Task brief
The word "show" may appear in some lines of the data; copy every such line.

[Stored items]
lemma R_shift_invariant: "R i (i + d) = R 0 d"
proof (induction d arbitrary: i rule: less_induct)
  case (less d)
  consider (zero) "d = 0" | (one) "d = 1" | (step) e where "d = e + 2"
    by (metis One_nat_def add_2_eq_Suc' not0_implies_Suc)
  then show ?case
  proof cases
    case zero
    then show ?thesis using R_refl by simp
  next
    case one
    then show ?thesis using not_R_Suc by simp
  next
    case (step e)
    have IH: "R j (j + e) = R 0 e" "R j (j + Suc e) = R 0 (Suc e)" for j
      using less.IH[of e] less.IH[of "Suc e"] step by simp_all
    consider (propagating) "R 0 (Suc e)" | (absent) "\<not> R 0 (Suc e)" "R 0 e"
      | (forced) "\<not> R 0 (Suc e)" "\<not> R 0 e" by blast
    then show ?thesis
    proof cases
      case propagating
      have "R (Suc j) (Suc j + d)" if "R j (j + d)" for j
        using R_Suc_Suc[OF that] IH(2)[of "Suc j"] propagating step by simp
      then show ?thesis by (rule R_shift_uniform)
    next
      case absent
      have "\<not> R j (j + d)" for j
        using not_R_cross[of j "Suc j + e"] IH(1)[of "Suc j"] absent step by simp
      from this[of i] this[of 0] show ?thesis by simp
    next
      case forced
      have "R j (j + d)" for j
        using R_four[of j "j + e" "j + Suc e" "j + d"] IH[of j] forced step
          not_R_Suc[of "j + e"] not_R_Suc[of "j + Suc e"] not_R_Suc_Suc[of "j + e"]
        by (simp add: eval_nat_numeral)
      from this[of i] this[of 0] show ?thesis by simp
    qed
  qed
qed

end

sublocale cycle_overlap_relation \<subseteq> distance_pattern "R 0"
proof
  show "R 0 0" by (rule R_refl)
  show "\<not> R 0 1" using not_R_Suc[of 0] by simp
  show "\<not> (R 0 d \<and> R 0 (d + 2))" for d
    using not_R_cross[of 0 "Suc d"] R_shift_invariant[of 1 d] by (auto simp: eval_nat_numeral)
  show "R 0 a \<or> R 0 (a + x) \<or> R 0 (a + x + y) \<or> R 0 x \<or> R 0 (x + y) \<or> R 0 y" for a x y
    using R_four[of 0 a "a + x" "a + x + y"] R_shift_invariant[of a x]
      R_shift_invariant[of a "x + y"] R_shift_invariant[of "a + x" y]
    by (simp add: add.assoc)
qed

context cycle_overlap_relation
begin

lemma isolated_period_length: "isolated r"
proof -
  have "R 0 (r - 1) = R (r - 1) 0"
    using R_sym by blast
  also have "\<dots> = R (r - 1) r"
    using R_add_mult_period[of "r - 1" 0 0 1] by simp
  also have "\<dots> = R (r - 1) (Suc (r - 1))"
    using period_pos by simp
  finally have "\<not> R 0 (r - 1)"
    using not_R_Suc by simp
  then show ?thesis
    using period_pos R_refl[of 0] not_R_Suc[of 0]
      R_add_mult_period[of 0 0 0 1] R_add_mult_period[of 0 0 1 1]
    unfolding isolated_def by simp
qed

Problem solution
  then show ?case
    then show ?thesis using R_refl by simp
    then show ?thesis using not_R_Suc by simp
    then show ?thesis
      then show ?thesis by (rule R_shift_uniform)
      from this[of i] this[of 0] show ?thesis by simp
      from this[of i] this[of 0] show ?thesis by simp
  show "R 0 0" by (rule R_refl)
  show "\<not> R 0 1" using not_R_Suc[of 0] by simp
  show "\<not> (R 0 d \<and> R 0 (d + 2))" for d
  show "R 0 a \<or> R 0 (a + x) \<or> R 0 (a + x + y) \<or> R 0 x \<or> R 0 (x + y) \<or> R 0 y" for a x y
  then show ?thesis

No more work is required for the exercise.